[[ Data, beginning ]]
lemma dim_factors_of_rank_one_blocks:
  fixes y :: "'a \<Rightarrow> 'i \<Rightarrow> 'f::field" and z :: "'a \<Rightarrow> (nat \<Rightarrow> 'i) \<Rightarrow> 'f"
  assumes "finite P" "\<And>B. B \<in> P \<Longrightarrow> finite B"
    and "\<And>B. B \<in> P \<Longrightarrow> w B \<in> fspan ((\<lambda>a. tensor_cons (y a) (z a)) ` B) \<and> w B \<noteq> 0"
    and "(\<Sum>B\<in>P. w B) = tensor_cons y' z'"
  shows "fdim (y ` \<Union>P) + fdim (z ` \<Union>P) + card P \<le> (\<Sum>B\<in>P. fdim (y ` B) + fdim (z ` B)) + 1"
proof -
  have "\<forall>B\<in>P. \<exists>T. finite T \<and> y ` B \<subseteq> fspan (y ` T) \<and> card T = fdim (y ` B) \<and>
      (\<exists>V. w B = (\<Sum>s\<in>T. tensor_cons (y s) (V s)) \<and> (\<forall>s. V s \<in> fspan (z ` B)))"
  proof
    fix B
    assume B: "B \<in> P"
    obtain T where T: "T \<subseteq> B" "inj_on y T" "y ` B \<subseteq> fspan (y ` T)" "card T = fdim (y ` B)"
      by (rule fv.obtain_independent_index_set)
    moreover have "finite T"
      using T(1) assms(2)[OF B] finite_subset by blast
    moreover obtain V where "w B = (\<Sum>s\<in>T. tensor_cons (y s) (V s))" "\<forall>s. V s \<in> fspan (z ` B)"
      using span_tensor_cons_expand[OF \<open>finite T\<close> T(2,3)] assms(3)[OF B] by blast
    ultimately show "\<exists>T. finite T \<and> y ` B \<subseteq> fspan (y ` T) \<and> card T = fdim (y ` B) \<and>
        (\<exists>V. w B = (\<Sum>s\<in>T. tensor_cons (y s) (V s)) \<and> (\<forall>s. V s \<in> fspan (z ` B)))"
      by blast
  qed
  from bchoice[OF this] obtain T where "\<forall>B\<in>P. finite (T B) \<and> y ` B \<subseteq> fspan (y ` T B) \<and>
      card (T B) = fdim (y ` B) \<and>
      (\<exists>V. w B = (\<Sum>s\<in>T B. tensor_cons (y s) (V s)) \<and> (\<forall>s. V s \<in> fspan (z ` B)))"
    by blast
  then have T: "\<forall>B\<in>P. finite (T B) \<and> y ` B \<subseteq> fspan (y ` T B) \<and> card (T B) = fdim (y ` B)"
    and "\<forall>B\<in>P. \<exists>V. w B = (\<Sum>s\<in>T B. tensor_cons (y s) (V s)) \<and> (\<forall>s. V s \<in> fspan (z ` B))"
    by blast+
  from bchoice[OF this(2)] obtain V where
    V: "\<forall>B\<in>P. w B = (\<Sum>s\<in>T B. tensor_cons (y s) (V B s)) \<and> (\<forall>s. V B s \<in> fspan (z ` B))"
    by blast
  have "\<forall>B\<in>P. \<exists>s. s \<in> T B \<and> V B s \<noteq> 0"
  proof (rule ballI, rule ccontr)
    fix B
    assume B: "B \<in> P" and "\<not> (\<exists>s. s \<in> T B \<and> V B s \<noteq> 0)"
    then have "w B = 0"
      using V by (auto simp: tensor_cons_eq_0_iff intro!: sum.neutral)
    then show False
      using assms(3)[OF B] by blast
  qed
  from bchoice[OF this] obtain r where "\<forall>B\<in>P. r B \<in> T B \<and> V B (r B) \<noteq> 0"
    by blast
  moreover have "(\<Sum>B\<in>P. \<Sum>s\<in>T B. tensor_cons (y s) (V B s)) = tensor_cons y' z'"
    using V assms(4) by simp
  ultimately show ?thesis
    using dim_factors_of_rank_one_double_sum[OF assms(1,2)] T V by blast
qed

lemma dim_factors_insert_eq:
  assumes "tensor_cons (y e) (z e) \<in> fspan ((\<lambda>a. tensor_cons (y a) (z a)) ` A)"
    and "tensor_cons (y e) (z e) \<noteq> 0"
  shows "fdim ((\<lambda>a. tensor_cons (y a) (z a)) ` insert e A) =
      fdim ((\<lambda>a. tensor_cons (y a) (z a)) ` A)"
    and "fdim (y ` insert e A) = fdim (y ` A)" and "fdim (z ` insert e A) = fdim (z ` A)"
  using fv.dim_insert_if_in_span[OF assms(1)]
    fv.dim_insert_if_in_span[OF tensor_cons_in_span_left[OF assms(1)]]
    fv.dim_insert_if_in_span[OF tensor_cons_in_span_right[OF assms(1)]]
    assms(2)
  by (simp_all add: tensor_cons_eq_0_iff)

lemma dim_factors_le_of_blocks:
  fixes y :: "'a \<Rightarrow> 'i \<Rightarrow> 'f::field" and z :: "'a \<Rightarrow> (nat \<Rightarrow> 'i) \<Rightarrow> 'f"
  defines "x \<equiv> \<lambda>a. tensor_cons (y a) (z a)"
  assumes "finite A" "indecomposable_decomposition x A P"
    and "\<forall>B\<in>P. w B \<in> fspan (x ` B) \<and> w B \<noteq> 0" "(\<Sum>B\<in>P. w B) = tensor_cons y' z'"
    and "\<And>B. B \<in> P \<Longrightarrow> fdim (y ` B) + fdim (z ` B) \<le> fdim (x ` B) + 1"
  shows "fdim (y ` A) + fdim (z ` A) \<le> fdim (x ` A) + 1"
proof -
  have part: "partition_on A P"
    using assms(3) unfolding indecomposable_decomposition_def by blast
  have fin: "finite P" "\<And>B. B \<in> P \<Longrightarrow> finite B"
    using finite_elements[OF assms(2) part] finite_subset[OF partition_on_subset[OF part] assms(2)]
    by blast+
  have "fdim (y ` A) + fdim (z ` A) + card P \<le> (\<Sum>B\<in>P. fdim (y ` B) + fdim (z ` B)) + 1"
    using dim_factors_of_rank_one_blocks[OF fin assms(4)[unfolded x_def, rule_format] assms(5)]
    unfolding partition_onD1[OF part, symmetric] .
  also have "(\<Sum>B\<in>P. fdim (y ` B) + fdim (z ` B)) \<le> (\<Sum>B\<in>P. fdim (x ` B) + 1)"
    using assms(6) by (rule sum_mono)
  also have "\<dots> = (\<Sum>B\<in>P. fdim (x ` B)) + card P"
    by (simp only: sum.distrib) simp
  finally have "fdim (y ` A) + fdim (z ` A) \<le> (\<Sum>B\<in>P. fdim (x ` B)) + 1"
    by simp
  also have "\<dots> \<le> fdim (x ` A) + 1"
    using sum_dim_le_dim_if_indecomposable_decomposition[OF assms(2,3)] by simp
  finally show ?thesis .
qed

lemma dim_factors_le_dim_tensor_cons:
  fixes y :: "'a \<Rightarrow> 'i \<Rightarrow> 'f::field" and z :: "'a \<Rightarrow> (nat \<Rightarrow> 'i) \<Rightarrow> 'f"
  assumes "finite A" "A \<noteq> {}" "\<And>a. a \<in> A \<Longrightarrow> tensor_cons (y a) (z a) \<noteq> 0"
    and "indecomposable (\<lambda>a. tensor_cons (y a) (z a)) A"
  shows "fdim (y ` A) + fdim (z ` A) \<le> fdim ((\<lambda>a. tensor_cons (y a) (z a)) ` A) + 1"
  using assms
proof (induction "card A" arbitrary: A rule: less_induct)
  case less
  define x where "x a = tensor_cons (y a) (z a)" for a
  obtain e where e: "e \<in> A"
    using less.prems(2) by blast
  show ?case
  proof (cases "A = {e}")
    case True
    then show ?thesis
      using less.prems(3)[OF e] by (simp add: fv.dim_singleton_nonzero tensor_cons_eq_0_iff)
  next
    case False
    define A' where "A' = A - {e}"
    have A: "A = insert e A'" "e \<notin> A'" "finite A'"
      unfolding A'_def using e less.prems(1) by auto
    have xe: "x e \<in> fspan (x ` A')"
      unfolding A'_def x_def by (rule indecomposable_in_span_Diff[OF less.prems(4) e False])
    have indec: "indecomposable x (insert e A')"
      using less.prems(4) A(1) unfolding x_def by simp
    obtain P w where P: "indecomposable_decomposition x A' P" "finite P"
      and w: "\<forall>B\<in>P. w B \<in> fspan (x ` B) \<and> w B \<noteq> 0" "x e = (\<Sum>B\<in>P. w B)"
      by (rule obtain_components_of_removed_vector[OF A(3,2) indec xe])
    have part: "partition_on A' P" and indec_blocks: "\<forall>B\<in>P. indecomposable x B"
      using P(1) unfolding indecomposable_decomposition_def by blast+
    have IH: "fdim (y ` B) + fdim (z ` B) \<le> fdim (x ` B) + 1" if "B \<in> P" for B
    proof -
      have B: "B \<subseteq> A'" "finite B" "B \<noteq> {}"
        using partition_on_subset[OF part that] finite_subset[OF _ A(3)]
          partition_onD3[OF part] that
        by auto
      then have "card B < card A"
        using A less.prems(1) by (intro psubset_card_mono) auto
      moreover have "tensor_cons (y a) (z a) \<noteq> 0" if "a \<in> B" for a
        using less.prems(3) B(1) that A(1) by blast
      ultimately show ?thesis
        using less.hyps[of B] B(2,3) indec_blocks that unfolding x_def by blast
    qed
    have "(\<Sum>B\<in>P. w B) = tensor_cons (y e) (z e)"
      using w(2) unfolding x_def by simp
    then have "fdim (y ` A') + fdim (z ` A') \<le> fdim (x ` A') + 1"
      using dim_factors_le_of_blocks[OF A(3) P(1)[unfolded x_def] w(1)[unfolded x_def]]
        IH[unfolded x_def] unfolding x_def by blast
    then show ?thesis
      using dim_factors_insert_eq[OF xe[unfolded x_def] less.prems(3)[OF e]] A(1)
      unfolding x_def by simp
  qed
qed

lemma sum_dim_factors_le_dim_tensor:
  fixes x :: "'a \<Rightarrow> nat \<Rightarrow> 'i \<Rightarrow> 'f::field"
  assumes "finite A" "A \<noteq> {}" "\<And>a. a \<in> A \<Longrightarrow> tensor m (x a) \<noteq> 0"
    and "indecomposable (\<lambda>a. tensor m (x a)) A"
  shows "(\<Sum>j<m. fdim ((\<lambda>a. x a j) ` A)) + 1 \<le> fdim ((\<lambda>a. tensor m (x a)) ` A) + m"
  using assms(3,4)
proof (induction m arbitrary: x)
  case 0
  have "(\<lambda>a. tensor 0 (x a)) ` A = {\<lambda>_. 1}"
    using assms(2) by (auto simp: tensor_def)
  then show ?case
    by (simp add: fv.dim_singleton_nonzero fun_eq_iff)
next
  case (Suc m)
  define z where "z a = tensor m (\<lambda>j. x a (Suc j))" for a
  have split: "tensor (Suc m) (x a) = tensor_cons (x a 0) (z a)" for a
    unfolding z_def by (rule tensor_Suc)
  have nonzero: "tensor_cons (x a 0) (z a) \<noteq> 0" if "a \<in> A" for a
    using Suc.prems(1)[OF that] unfolding split .
  have indec: "indecomposable (\<lambda>a. tensor_cons (x a 0) (z a)) A"
    using Suc.prems(2) unfolding split .
  have "fdim ((\<lambda>a. x a 0) ` A) + fdim (z ` A) \<le> fdim ((\<lambda>a. tensor (Suc m) (x a)) ` A) + 1"
    unfolding split by (rule dim_factors_le_dim_tensor_cons[OF assms(1,2) nonzero indec])
  moreover have "(\<Sum>j<m. fdim ((\<lambda>a. x a (Suc j)) ` A)) + 1 \<le> fdim (z ` A) + m"
  proof -
    have "tensor m (\<lambda>j. x a (Suc j)) \<noteq> 0" if "a \<in> A" for a
      using nonzero[OF that] unfolding z_def tensor_cons_eq_0_iff by blast
    then show ?thesis
      using Suc.IH[of "\<lambda>a j. x a (Suc j)"] indecomposable_tensor_cons_right[OF indec]
      unfolding z_def by blast
  qed
  ultimately show ?case
    unfolding sum.lessThan_Suc_shift by linarith
qed

lemma tensor_factor_neq_0:
  assumes "tensor m z \<noteq> 0" "j < m"
  shows "z j \<noteq> 0"
proof
  assume "z j = 0"
  then have "tensor m z \<kappa> = 0" for \<kappa>
    unfolding tensor_def using assms(2) by (intro prod_zero bexI[of _ j]) auto
  then show False
    using assms(1) by (simp add: fun_eq_iff)
qed

lemma indecomposable_if_not_splits:
  assumes "\<not> splits n v"
  shows "indecomposable v {..<n}"
  unfolding indecomposable_def direct_summand_def
proof (intro allI impI notI)
  fix S
  assume S: "S \<subseteq> {..<n}" "S \<noteq> {}" "S \<noteq> {..<n}"
    and direct: "fspan (v ` S) \<inter> fspan (v ` ({..<n} - S)) = {0}"
  have "S \<subset> {..<n}"
    using S(1,3) by blast
  then have card: "1 \<le> card S" "card S \<le> n - 1"
    using S(2) finite_subset[OF S(1)] psubset_card_mono[of "{..<n}" S]
    by (auto simp: Suc_le_eq card_gt_0_iff)
  have "v ` {..<n} = v ` S \<union> v ` ({..<n} - S)"
    using S(1) by blast
  then have "fspan (v ` {..<n}) =
      {u + w | u w. u \<in> fspan (v ` S) \<and> w \<in> fspan (v ` ({..<n} - S))}"
    by (simp add: fv.span_Un)
  then have "splits n v"
    unfolding splits_def using S(1) card direct by blast
  then show False
    using assms by contradiction
qed

theorem corollary5p1:
  fixes n m :: nat
    and x :: "nat \<Rightarrow> nat \<Rightarrow> ('i \<Rightarrow> 'f::field)"
    and d :: "nat \<Rightarrow> nat"
  assumes "n \<ge> 2" and "m \<ge> 2"
    and "\<And>a. a < n \<Longrightarrow> tensor m (x a) \<noteq> 0"
    and "\<And>j. j < m \<Longrightarrow> d j = fdim ((\<lambda>a. x a j) ` {..<n})"
    and "n \<le> (\<Sum>j<m. d j - 1) + 1"
  shows "splits n (\<lambda>a. tensor m (x a))"
proof (rule ccontr)
  assume "\<not> splits n (\<lambda>a. tensor m (x a))"
  then have indec: "indecomposable (\<lambda>a. tensor m (x a)) {..<n}"
    by (rule indecomposable_if_not_splits)
  have d_pos: "1 \<le> d j" if "j < m" for j
    using fv.dim_singleton_nonzero[OF tensor_factor_neq_0[OF assms(3) that]]
      fv.dim_subset_finite[of "(\<lambda>a. x a j) ` {..<n}" "{x 0 j}"] assms(1) assms(4)[OF that]
    by simp
  have "(\<Sum>j<m. d j - 1) + m = (\<Sum>j<m. (d j - 1) + 1)"
    by (simp only: sum.distrib) simp
  also have "\<dots> = (\<Sum>j<m. fdim ((\<lambda>a. x a j) ` {..<n}))"
    using d_pos assms(4) by (intro sum.cong) (simp_all add: Suc_le_eq)
  also have "\<dots> + 1 \<le> fdim ((\<lambda>a. tensor m (x a)) ` {..<n}) + m"
    using sum_dim_factors_le_dim_tensor[OF finite_lessThan _ _ indec] assms(1,3)
    by (simp add: lessThan_empty_iff)
  also have "\<dots> < n + m"
    using dim_lt_card_if_indecomposable[OF _ _ indec] assms(1) by simp
  finally show False
    using assms(5) by linarith
qed

end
[[ Data, end ]]
● **Task directions**
What lines in the material mention "arbitrary"? Copy every one of them.

● **Exercise answer**
proof (induction "card A" arbitrary: A rule: less_induct)
proof (induction m arbitrary: x)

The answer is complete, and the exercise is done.